[Data for review Boundary: Start]
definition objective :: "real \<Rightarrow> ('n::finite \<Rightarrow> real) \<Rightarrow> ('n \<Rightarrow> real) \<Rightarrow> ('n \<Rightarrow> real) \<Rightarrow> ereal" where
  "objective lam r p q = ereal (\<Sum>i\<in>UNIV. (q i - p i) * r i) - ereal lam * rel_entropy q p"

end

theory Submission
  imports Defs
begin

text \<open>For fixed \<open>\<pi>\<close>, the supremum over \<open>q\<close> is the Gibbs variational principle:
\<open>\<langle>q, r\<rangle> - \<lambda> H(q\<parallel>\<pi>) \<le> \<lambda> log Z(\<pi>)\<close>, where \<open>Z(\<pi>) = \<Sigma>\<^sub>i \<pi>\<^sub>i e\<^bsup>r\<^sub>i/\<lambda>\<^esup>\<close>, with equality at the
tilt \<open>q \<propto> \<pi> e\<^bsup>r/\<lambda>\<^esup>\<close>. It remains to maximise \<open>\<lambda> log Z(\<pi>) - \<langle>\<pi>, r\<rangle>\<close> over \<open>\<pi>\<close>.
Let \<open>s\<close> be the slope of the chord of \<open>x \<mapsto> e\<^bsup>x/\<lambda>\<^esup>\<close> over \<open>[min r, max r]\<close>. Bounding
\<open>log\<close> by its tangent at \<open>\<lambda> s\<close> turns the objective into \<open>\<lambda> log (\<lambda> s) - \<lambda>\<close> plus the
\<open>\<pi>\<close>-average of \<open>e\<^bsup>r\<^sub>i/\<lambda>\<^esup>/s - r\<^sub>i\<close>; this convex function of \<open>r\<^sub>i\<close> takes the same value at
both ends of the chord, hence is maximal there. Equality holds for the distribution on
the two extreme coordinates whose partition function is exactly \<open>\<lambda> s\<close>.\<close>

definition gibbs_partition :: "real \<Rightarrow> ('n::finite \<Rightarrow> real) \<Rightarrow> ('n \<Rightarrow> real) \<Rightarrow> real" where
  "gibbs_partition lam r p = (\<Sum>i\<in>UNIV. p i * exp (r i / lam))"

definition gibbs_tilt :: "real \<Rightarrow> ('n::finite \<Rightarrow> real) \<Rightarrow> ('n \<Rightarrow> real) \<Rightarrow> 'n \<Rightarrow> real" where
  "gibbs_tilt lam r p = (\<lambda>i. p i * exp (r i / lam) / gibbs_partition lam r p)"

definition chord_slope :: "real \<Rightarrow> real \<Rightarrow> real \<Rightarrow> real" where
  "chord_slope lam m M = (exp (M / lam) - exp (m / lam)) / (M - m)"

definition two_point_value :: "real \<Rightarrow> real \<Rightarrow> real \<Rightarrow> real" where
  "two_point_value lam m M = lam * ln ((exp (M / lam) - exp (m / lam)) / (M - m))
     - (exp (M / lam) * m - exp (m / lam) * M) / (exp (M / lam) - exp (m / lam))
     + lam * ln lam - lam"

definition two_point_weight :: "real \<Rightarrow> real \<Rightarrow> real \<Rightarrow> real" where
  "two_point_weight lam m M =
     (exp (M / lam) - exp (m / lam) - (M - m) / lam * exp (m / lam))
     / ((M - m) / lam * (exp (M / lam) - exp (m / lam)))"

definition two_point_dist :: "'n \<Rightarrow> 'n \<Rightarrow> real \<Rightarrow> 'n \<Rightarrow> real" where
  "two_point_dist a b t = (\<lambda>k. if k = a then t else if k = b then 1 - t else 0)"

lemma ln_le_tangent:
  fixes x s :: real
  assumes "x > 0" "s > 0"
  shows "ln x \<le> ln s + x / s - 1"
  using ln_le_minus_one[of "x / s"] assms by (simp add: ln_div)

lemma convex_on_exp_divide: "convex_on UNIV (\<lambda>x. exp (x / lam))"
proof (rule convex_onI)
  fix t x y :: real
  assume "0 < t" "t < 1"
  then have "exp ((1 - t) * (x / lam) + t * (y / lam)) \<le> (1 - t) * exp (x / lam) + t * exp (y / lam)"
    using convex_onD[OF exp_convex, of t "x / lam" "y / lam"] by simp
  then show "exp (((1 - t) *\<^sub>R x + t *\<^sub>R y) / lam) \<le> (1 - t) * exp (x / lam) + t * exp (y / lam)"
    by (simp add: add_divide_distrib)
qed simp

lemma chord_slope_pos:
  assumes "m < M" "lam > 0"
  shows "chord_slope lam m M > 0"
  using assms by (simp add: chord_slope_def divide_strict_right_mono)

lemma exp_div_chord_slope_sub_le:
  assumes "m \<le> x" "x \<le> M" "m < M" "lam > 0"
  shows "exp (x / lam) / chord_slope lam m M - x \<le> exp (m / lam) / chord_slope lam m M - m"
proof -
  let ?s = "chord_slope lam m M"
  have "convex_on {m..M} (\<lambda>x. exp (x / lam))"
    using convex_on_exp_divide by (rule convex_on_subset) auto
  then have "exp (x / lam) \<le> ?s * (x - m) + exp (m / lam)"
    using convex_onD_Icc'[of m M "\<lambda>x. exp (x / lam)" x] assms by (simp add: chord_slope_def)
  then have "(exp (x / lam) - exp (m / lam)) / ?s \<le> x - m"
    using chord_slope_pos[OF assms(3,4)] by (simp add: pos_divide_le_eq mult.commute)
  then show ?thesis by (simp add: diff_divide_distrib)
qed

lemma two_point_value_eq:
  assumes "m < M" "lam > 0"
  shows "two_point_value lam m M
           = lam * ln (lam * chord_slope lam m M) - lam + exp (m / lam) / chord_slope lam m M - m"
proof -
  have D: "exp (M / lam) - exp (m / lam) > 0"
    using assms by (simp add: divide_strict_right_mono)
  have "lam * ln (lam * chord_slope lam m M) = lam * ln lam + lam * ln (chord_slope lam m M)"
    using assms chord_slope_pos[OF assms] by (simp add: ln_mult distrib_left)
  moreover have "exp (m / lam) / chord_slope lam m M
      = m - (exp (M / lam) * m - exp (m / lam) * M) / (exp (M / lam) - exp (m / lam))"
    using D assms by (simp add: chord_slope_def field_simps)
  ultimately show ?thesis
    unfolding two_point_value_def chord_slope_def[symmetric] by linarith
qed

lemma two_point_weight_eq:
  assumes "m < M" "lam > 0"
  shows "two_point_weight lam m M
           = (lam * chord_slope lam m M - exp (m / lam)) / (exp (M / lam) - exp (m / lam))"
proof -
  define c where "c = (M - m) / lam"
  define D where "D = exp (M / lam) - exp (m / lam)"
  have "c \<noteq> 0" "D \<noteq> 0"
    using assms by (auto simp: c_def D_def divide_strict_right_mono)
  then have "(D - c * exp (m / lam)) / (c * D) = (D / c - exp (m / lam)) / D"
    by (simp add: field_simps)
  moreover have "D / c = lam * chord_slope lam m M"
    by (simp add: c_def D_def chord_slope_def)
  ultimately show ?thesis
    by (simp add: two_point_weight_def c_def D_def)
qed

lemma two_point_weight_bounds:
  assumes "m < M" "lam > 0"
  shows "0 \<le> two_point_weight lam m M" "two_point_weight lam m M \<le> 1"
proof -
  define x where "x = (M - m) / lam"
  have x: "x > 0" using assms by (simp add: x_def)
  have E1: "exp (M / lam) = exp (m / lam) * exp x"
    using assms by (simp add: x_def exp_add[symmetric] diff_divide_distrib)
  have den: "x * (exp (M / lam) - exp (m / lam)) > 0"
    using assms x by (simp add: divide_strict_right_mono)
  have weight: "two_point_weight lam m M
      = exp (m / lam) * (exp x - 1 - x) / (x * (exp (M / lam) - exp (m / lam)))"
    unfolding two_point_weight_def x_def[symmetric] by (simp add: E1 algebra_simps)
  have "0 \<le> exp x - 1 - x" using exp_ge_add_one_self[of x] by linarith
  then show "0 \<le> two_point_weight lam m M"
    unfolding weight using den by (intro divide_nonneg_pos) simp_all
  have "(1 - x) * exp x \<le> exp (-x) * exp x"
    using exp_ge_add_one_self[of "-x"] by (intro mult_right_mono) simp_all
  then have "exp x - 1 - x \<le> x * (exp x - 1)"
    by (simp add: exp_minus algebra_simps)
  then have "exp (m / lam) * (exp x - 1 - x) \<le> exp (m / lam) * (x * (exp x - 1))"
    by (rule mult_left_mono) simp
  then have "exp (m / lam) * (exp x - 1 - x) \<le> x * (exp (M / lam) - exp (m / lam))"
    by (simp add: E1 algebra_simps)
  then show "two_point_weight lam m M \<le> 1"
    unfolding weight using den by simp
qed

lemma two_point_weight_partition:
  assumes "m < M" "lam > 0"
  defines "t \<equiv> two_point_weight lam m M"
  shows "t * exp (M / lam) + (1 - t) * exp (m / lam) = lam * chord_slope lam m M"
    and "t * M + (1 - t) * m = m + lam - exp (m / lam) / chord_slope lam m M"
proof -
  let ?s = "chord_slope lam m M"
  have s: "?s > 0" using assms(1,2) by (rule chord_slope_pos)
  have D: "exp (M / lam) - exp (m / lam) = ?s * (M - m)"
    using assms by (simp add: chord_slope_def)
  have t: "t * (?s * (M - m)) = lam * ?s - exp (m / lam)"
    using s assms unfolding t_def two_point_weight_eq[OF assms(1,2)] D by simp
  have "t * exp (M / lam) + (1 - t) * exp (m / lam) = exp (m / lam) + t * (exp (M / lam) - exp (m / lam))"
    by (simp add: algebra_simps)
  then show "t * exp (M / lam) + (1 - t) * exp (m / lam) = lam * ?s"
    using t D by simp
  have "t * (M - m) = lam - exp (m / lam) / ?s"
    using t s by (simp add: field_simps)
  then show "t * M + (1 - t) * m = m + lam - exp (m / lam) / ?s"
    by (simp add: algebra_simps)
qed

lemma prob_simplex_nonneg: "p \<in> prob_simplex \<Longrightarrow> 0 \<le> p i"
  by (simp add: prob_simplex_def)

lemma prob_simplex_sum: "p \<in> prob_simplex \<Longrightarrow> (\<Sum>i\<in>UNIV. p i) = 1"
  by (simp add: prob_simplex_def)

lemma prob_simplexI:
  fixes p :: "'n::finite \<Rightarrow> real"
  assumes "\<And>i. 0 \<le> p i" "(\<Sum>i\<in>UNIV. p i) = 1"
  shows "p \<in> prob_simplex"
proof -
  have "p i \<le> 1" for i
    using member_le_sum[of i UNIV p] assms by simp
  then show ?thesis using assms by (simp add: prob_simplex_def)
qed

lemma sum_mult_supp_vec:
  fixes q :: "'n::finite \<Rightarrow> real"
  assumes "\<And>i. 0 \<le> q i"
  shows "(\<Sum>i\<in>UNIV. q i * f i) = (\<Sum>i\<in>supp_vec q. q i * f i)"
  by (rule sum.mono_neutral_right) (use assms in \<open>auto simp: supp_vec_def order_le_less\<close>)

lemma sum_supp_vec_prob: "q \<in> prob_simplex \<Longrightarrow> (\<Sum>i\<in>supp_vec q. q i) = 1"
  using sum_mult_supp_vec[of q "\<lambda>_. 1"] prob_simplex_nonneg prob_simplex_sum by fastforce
[Data for review Boundary: End]
Task to complete — Produce only the lines from the line containing "then show ?thesis by" through the line containing "ln (chord_slope lam", inclusive of both, exactly as they stand in the entries above.

Task answer —
  then show ?thesis by (simp add: diff_divide_distrib)
qed

lemma two_point_value_eq:
  assumes "m < M" "lam > 0"
  shows "two_point_value lam m M
           = lam * ln (lam * chord_slope lam m M) - lam + exp (m / lam) / chord_slope lam m M - m"
proof -
  have D: "exp (M / lam) - exp (m / lam) > 0"
    using assms by (simp add: divide_strict_right_mono)
  have "lam * ln (lam * chord_slope lam m M) = lam * ln lam + lam * ln (chord_slope lam m M)"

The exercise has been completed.